WORK ORDER: Report how many lines in the records hold the string "subst"; give the number and nothing else.

◇ ◇ ◇ ◇ ◇

(* Let $g\ge 1$, let $\mathfrak{m}_g$ be a rooted unicellular map of genus $g$, and let $\mathfrak{p}=((\mathfrak{m}_{g},\tau),(\mathfrak{m}_{g_1},\tau_1),\ldots,(\mathfrak{m}_{g_{r-1}},\tau_{r-1}),(\mathfrak{m}_0,\varnothing))$ be a blueprint of $\mathfrak{m}_g$ consisting of $r$ slicings. Then $1\le r\le g$, and the planar tree $\mathfrak{m}_0$ equipped with the induced vertex labels $(\sigma_v)_v$, $\sigma_v\in\mathbb{F}_2^r$ (defined in the context), is a $\lambda$-tree. In particular, $(\mathfrak{m}_g,\mathfrak{p})$ induces a unique $\lambda$-tree $\mathfrak{m}_0^{(\sigma_v)_v}$.
   Context: A rooted unicellular map with $m$ edges is given by permutations $\sigma$, $\alpha$ on the half-edge set $H=[2m]$, where $\alpha$ is a fixed-point-free involution (edges), the cycles of $\sigma$ are the vertices (with $\sigma$ encoding counterclockwise rotation around a vertex), and $\gamma=\alpha\circ\sigma$ has exactly one cycle (the boundary component); one half-edge is distinguished as the root. Its genus $g$ is given by $v-m+1=2-2g$, $v$ the number of vertices; genus $0$ means a rooted planar tree. The order $<_\gamma$ on half-edges is the order of appearance along the cycle $\gamma$ starting from the root; vertices are compared via their $<_\gamma$-minimal half-edges. A trisection is a half-edge $\tau$ with $\tau\le_\gamma\sigma^{-1}(\tau)$ which is not the $<_\gamma$-minimal half-edge of its vertex; a map of genus $g$ has exactly $2g$ trisections. Slicing (Chapuy, "A new combinatorial identity for unicellular maps, via a direct bijective approach", 2011): given a unicellular map $\mathfrak{m}$ of genus $g'$ and a trisection $\tau$, Chapuy's slicing map $\Xi$ yields $\Xi(\mathfrak{m},\tau)=(\mathfrak{m}',v_1,\ldots,v_{2k+1})$, where $k\ge 1$, $\mathfrak{m}'$ is a unicellular map of genus $g'-k$, and $v_1,\ldots,v_{2k+1}$ are the vertices of $\mathfrak{m}'$ created by slicing the vertex of $\tau$, ordered by $<_\gamma$; $\Xi$ is a bijection whose inverse is the gluing map $\Lambda$. A blueprint of $(\mathfrak{m}_g,\tau)$ is a sequence $((\mathfrak{m}_{g},\tau),(\mathfrak{m}_{g_1},\tau_1),\ldots,(\mathfrak{m}_{g_{r-1}},\tau_{r-1}),(\mathfrak{m}_0,\varnothing))$ where each $\tau_i$ is a trisection of $\mathfrak{m}_{g_i}$ ($\mathfrak{m}_{g_0}=\mathfrak{m}_g,\tau_0=\tau$), $(\mathfrak{m}_{g_{i+1}},V_{i+1})=\Xi(\mathfrak{m}_{g_i},\tau_i)$ for $0\le i<r$ ($V_{i+1}$ the set of created vertices; this is the $(i+1)$-st slicing), and $\mathfrak{m}_{g_r}=\mathfrak{m}_0$ has genus $0$. A blueprint of $\mathfrak{m}_g$ is a blueprint of $(\mathfrak{m}_g,\tau)$ for some trisection $\tau$. Induced labels: a vertex of $\mathfrak{m}_0$ is involved in the $s$-th slicing if it is one of the vertices of $V_s$ or arises from one of them by later slicings. First give each vertex $v$ of $\mathfrak{m}_0$ the label $\sigma'_v\in\mathbb{F}_2^r$ whose $s$-th coordinate is $1$ iff $v$ is involved in the $s$-th slicing. Then reduce: for $i=r,r-1,\ldots,2$ in turn, for every vertex $v$ with $\sigma_v|_i=1$ that is not the $<_\gamma$-minimal vertex among the vertices $u$ with $\sigma_u|_i=1$ ("regular at $i$"), set $\sigma_v|_h=0$ for all $h<i$; the resulting labels are $(\sigma_v)_v$. $\lambda$-tree: a rooted planar tree with boundary component $\gamma$ in which each vertex $v$ carries a label $\sigma_v\in\mathbb{F}_2^r$ such that (i) $\sum_{v,h}\sigma_v|_h=2g+r$ (counting the entries equal to $1$), where $1\le r\le g$; (ii) for each $h$, the number of vertices $v$ with $\sigma_v|_h=1$ is odd; (iii) for $h<i$, at most one vertex $v$ has $\sigma_v|_h=\sigma_v|_i=1$, and any such vertex is $<_\gamma$-minimal among all vertices $u$ with $\sigma_u|_i=1$. *)

theory Defs
  imports "HOL-Combinatorics.Permutations"
begin
lemma measure_flip_dist:
  assumes X: "X \<in> sets (borel \<Otimes>\<^sub>M count_space UNIV)" and r: "0 \<le> r" "r \<le> 1"
  shows "measure (flip_dist r p D) X =
    r * measure D X + (1 - r) * measure D {z. (fst z, snd z \<or> fst z = p) \<in> X}"
proof -
  let ?B = "measure_pmf (bernoulli_pmf r)"
  let ?Y = "{z. (fst z, snd z \<or> fst z = p) \<in> X}"
  interpret Dr: prob_space "flip_dist r p D" by (rule prob_space_flip_dist)
  have "emeasure (flip_dist r p D) X = emeasure (?B \<Otimes>\<^sub>M D) (flip_label p -` X \<inter> space (?B \<Otimes>\<^sub>M D))"
    unfolding flip_dist_def using X by (intro emeasure_distr) auto
  also have "\<dots> = (\<integral>\<^sup>+b. emeasure D (Pair b -` (flip_label p -` X \<inter> space (?B \<Otimes>\<^sub>M D))) \<partial>?B)"
    using X by (intro emeasure_pair_measure_alt) measurable
  also have "\<dots> = emeasure D X * ennreal r + emeasure D ?Y * ennreal (1 - r)"
  proof -
    have "Pair True -` (flip_label p -` X \<inter> space (?B \<Otimes>\<^sub>M D)) = X"
      and "Pair False -` (flip_label p -` X \<inter> space (?B \<Otimes>\<^sub>M D)) = ?Y"
      by (auto simp: flip_label_def space_pair_measure)
    with r show ?thesis by (simp add: nn_integral_bernoulli_pmf)
  qed
  also have "\<dots> = ennreal (r * measure D X) + ennreal ((1 - r) * measure D ?Y)"
    using r by (simp add: emeasure_eq_measure ennreal_mult'' mult.commute)
  also have "\<dots> = ennreal (r * measure D X + (1 - r) * measure D ?Y)"
    using r by (intro ennreal_plus[symmetric]) auto
  finally have "ennreal (measure (flip_dist r p D) X) = ennreal (r * measure D X + (1 - r) * measure D ?Y)"
    by (simp add: Dr.emeasure_eq_measure)
  then show ?thesis
    using r by (subst (asm) ennreal_inj) auto
qed

lemma err_flip_dist:
  "0 \<le> r \<Longrightarrow> r \<le> 1 \<Longrightarrow> err (flip_dist r p D) (thr a) = r * err D (thr a) + (1 - r) * flip_err D p (thr a)"
  unfolding err_def flip_err_def using measure_flip_dist[OF sets_thr_err] by simp

end

lemma example_distribution_if_valid_dist: "valid_dist D \<Longrightarrow> example_distribution D"
  unfolding valid_dist_def example_distribution_def example_distribution_axioms_def by blast

lemma valid_dist_flip_dist:
  assumes "valid_dist D"
  shows "valid_dist (flip_dist r p D)"
proof -
  interpret example_distribution D using assms by (rule example_distribution_if_valid_dist)
  interpret BD: pair_prob_space "measure_pmf (bernoulli_pmf r)" D by unfold_locales
  have "AE w in measure_pmf (bernoulli_pmf r) \<Otimes>\<^sub>M D. fst (snd w) \<in> {0..1}"
  proof (rule BD.AE_pair_measure)
    show "{w \<in> space (measure_pmf (bernoulli_pmf r) \<Otimes>\<^sub>M D). fst (snd w) \<in> {0..1::real}}
        \<in> sets (measure_pmf (bernoulli_pmf r) \<Otimes>\<^sub>M D)"
      by measurable
    show "AE b in measure_pmf (bernoulli_pmf r). AE z in D. fst (snd (b, z)) \<in> {0..1}"
      using assms unfolding valid_dist_def by simp
  qed
  moreover have "{z \<in> space (borel \<Otimes>\<^sub>M count_space UNIV). fst z \<in> {0..1::real}}
      \<in> sets (borel \<Otimes>\<^sub>M count_space UNIV)"
    by measurable
  ultimately have "AE z in flip_dist r p D. fst z \<in> {0..1}"
    unfolding flip_dist_def
    by (subst AE_distr_iff[OF flip_label_measurable]) (auto simp: flip_label_def case_prod_beta)
  then show ?thesis
    unfolding valid_dist_def using prob_space_flip_dist sets_flip_dist by blast
qed


section \<open>Coupling runs under a distribution and its flip\<close>

lemma space_run_space [simp]: "space M = UNIV \<Longrightarrow> space (run_space M) = UNIV"
  by (simp add: run_space_def space_pair_measure space_PiM)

◇ ◇ ◇ ◇ ◇

TASK OUTPUT: 2